The applicants argued that Article 152(2) of the Constitution sets out the procedure applying to laws enacted under Article 152(1). Article 152 of the Constitution provides that where under a law enacted by Parliament, one is given powers to waive or vary a tax that person should report to Parliament periodically. There is no evidence to show that the Minister of Energy and Mineral Development who signed the EA2 PSA ever reported to Parliament on the exercise of such powers, if she had any. There is no evidence that she declared the grant of a tax exemption under Article 23.5 to Parliament. Such an omission is fatal as the Constitution is clear.
The applicants argued that Article 23.5 of the EA2 is not a waiver or variation of taxes at all. Secondly it is not a waiver or variation granted “pursuant to a law enacted under Article 152(1) of the Constitution, as it is in an agreement. “It is a fait accompli.” An exemption is given by law. A waiver is given by an authority exercising its discretion taking into account special consideration. A waiver ends it an exemption. It is a question of semantics. An agreement to confer on a minister, powers to grant exemptions or waive taxes, there must be an enabling Act. In the case of the EA2 PSA there was no enabling Act that empowered the Minister of Energy to grant exemptions or waivers or variations of taxes. Therefore the Tribunal finds that the Minister of Energy and Mineral Development did not have legal authority to grant an exemption under Article 23.5 of the EA2 PSA.
Any such grant offended the tax provisions of the tax laws including the ITA. Issues 1.3 which was in respect of the application of international law to Article 23.5 of the EA2 PSA was abandoned by the applicants. The applicants however in the later issues discussed the principle of pacta sunt servanda. This is a principle of international law. We shall cross the bridge when we reach it. Issue 1.4 was dependent on the findings on issues 1.2 and 1.3. However the applicants submitted that the respondent is an agent of the GOU. The applicants argued that as an agent it is bound by the EA2 PSA signed by its principal, the GOU. The applicants cited Heritage Oil and Gas v URA Civil Appeal 14 of 2011 where the High Court held that the URA is a statutory body established under S. 2 of the URA Act as an agent of GOU.

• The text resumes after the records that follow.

(* Let $(Y,\rho)$ be a metric space, $\hookrightarrow_*$ a monotone embedding relation on the subsets of $Y$, $X$ a paracompact space, and $\varphi:X\rightrightarrows Y$ a $\rho$-continuous mapping such that each $\varphi(x)$, $x\in X$, is uniformly $UV^*$. Suppose $\mathscr{U}_1$ is a locally finite open cover of $X$ and $\delta_1:\mathscr{U}_1\to(0,+\infty)$. Then there exist a locally finite open cover $\mathscr{U}_2$ of $X$ refining $\mathscr{U}_1$ and functions $\delta_2,\varepsilon_2:\mathscr{U}_2\to(0,+\infty)$ with $\delta_2\le\varepsilon_2$ such that: (i) $\mathbf{O}_{\delta_2(U)}(\varphi(p))\hookrightarrow_*\mathbf{O}_{\varepsilon_2(U)}(\varphi(p))$ for every $U\in\mathscr{U}_2$ and $p\in U$; (ii) $H(\rho)(\varphi(p),\varphi(q))<\delta_2(U)/2$ for every $U\in\mathscr{U}_2$ and $p,q\in U$; (iii) $\varepsilon_2(U_2)\le\delta_1(U_1)/3$ whenever $U_1\in\mathscr{U}_1$, $U_2\in\mathscr{U}_2$ and $U_1\cap U_2\ne\emptyset$.
   Context: A set-valued mapping $\varphi:X\rightrightarrows Y$ assigns to each $x\in X$ a nonempty subset $\varphi(x)\subset Y$. For a metric space $(Y,\rho)$, $\mathbf{O}_\varepsilon(y)$ is the open $\varepsilon$-ball about $y$ and $\mathbf{O}_\varepsilon(S)=\bigcup_{q\in S}\mathbf{O}_\varepsilon(q)$. The Hausdorff distance of nonempty $S,T\subset Y$ is $H(\rho)(S,T)=\inf\{\varepsilon>0: S\subset\mathbf{O}_\varepsilon(T),\ T\subset\mathbf{O}_\varepsilon(S)\}$. A mapping $\varphi$ is $\rho$-continuous if for every $\varepsilon>0$ each $x\in X$ has a neighbourhood $V$ with $\varphi(x)\subset\mathbf{O}_\varepsilon(\varphi(p))$ and $\varphi(p)\subset\mathbf{O}_\varepsilon(\varphi(x))$ for all $p\in V$. An embedding relation $\hookrightarrow_*$ on subsets of $Y$ is a relation with $S\hookrightarrow_*T$ implying $S\subset T$; it is monotone if $A\subset S\hookrightarrow_* T\subset B$ implies $A\hookrightarrow_* B$. A subset $S\subset Y$ is uniformly $UV^*$ if for every $\varepsilon>0$ there is $\delta>0$ with $\mathbf{O}_\delta(S)\hookrightarrow_*\mathbf{O}_\varepsilon(S)$. *)

theory Defs
  imports "HOL-Analysis.Analysis"
begin
lemma hs_inner_add_right:
  "A \<in> carrier_mat n n \<Longrightarrow> B \<in> carrier_mat n n \<Longrightarrow> hs_inner n Z (A + B) = hs_inner n Z A + hs_inner n Z B"
  unfolding hs_inner_def by (simp add: sum.distrib distrib_left)

lemma hs_inner_msum_left:
  "(\<And>l. l < m \<Longrightarrow> f l \<in> carrier_mat n n) \<Longrightarrow> hs_inner n (msum n f m) Z = (\<Sum>l<m. hs_inner n (f l) Z)"
proof (induction m)
  case (Suc m)
  then have "msum n f m \<in> carrier_mat n n" "f m \<in> carrier_mat n n" by auto
  with Suc show ?case by (simp add: hs_inner_add_left)
qed (simp add: hs_inner_def)

lemma hs_inner_msum_right:
  "(\<And>l. l < m \<Longrightarrow> f l \<in> carrier_mat n n) \<Longrightarrow> hs_inner n Z (msum n f m) = (\<Sum>l<m. hs_inner n Z (f l))"
proof (induction m)
  case (Suc m)
  then have "msum n f m \<in> carrier_mat n n" "f m \<in> carrier_mat n n" by auto
  with Suc show ?case by (simp add: hs_inner_add_right)
qed (simp add: hs_inner_def)

lemma hs_norm_sq_add_smult_orthogonal:
  assumes W: "W \<in> carrier_mat n n" and Z: "Z \<in> carrier_mat n n" and orth: "hs_inner n W Z = 0"
  shows "hs_norm_sq n (W + c \<cdot>\<^sub>m Z) = hs_norm_sq n W + (cmod c)\<^sup>2 * hs_norm_sq n Z"
proof -
  have "(cmod (a + c * b))\<^sup>2 = (cmod a)\<^sup>2 + (cmod c)\<^sup>2 * (cmod b)\<^sup>2 + 2 * Re (cnj c * (a * cnj b))"
    for a b :: complex
    unfolding cmod_power2 by (simp add: power2_eq_square algebra_simps)
  then have "hs_norm_sq n (W + c \<cdot>\<^sub>m Z) = (\<Sum>i<n. \<Sum>j<n. (cmod (W $$ (i, j)))\<^sup>2 +
      (cmod c)\<^sup>2 * (cmod (Z $$ (i, j)))\<^sup>2 + 2 * Re (cnj c * (W $$ (i, j) * cnj (Z $$ (i, j)))))"
    unfolding hs_norm_sq_def using W Z by (intro sum.cong refl) simp
  also have "\<dots> = hs_norm_sq n W + (cmod c)\<^sup>2 * hs_norm_sq n Z + 2 * Re (cnj c * hs_inner n W Z)"
    unfolding hs_norm_sq_def hs_inner_def by (simp add: sum.distrib sum_distrib_left Re_sum)
  finally show ?thesis using orth by simp
qed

The court noted that: “It follows that URA as a statutory agent is part and parcel of Government. It cannot therefore in my opinion be seen to disassociate itself from the PSA, which is the principle the Government lawfully signed with the Applicant. To attempt to do so would just be splitting hairs.” The applicants argued that the respondent is therefore bound by Article 23.5 of the EA2 PSA. It therefore should not deny the Minister’s authority to enter into the PSA, including Article 23.5 The Tribunal does not deny that the respondent is an agent of GOU.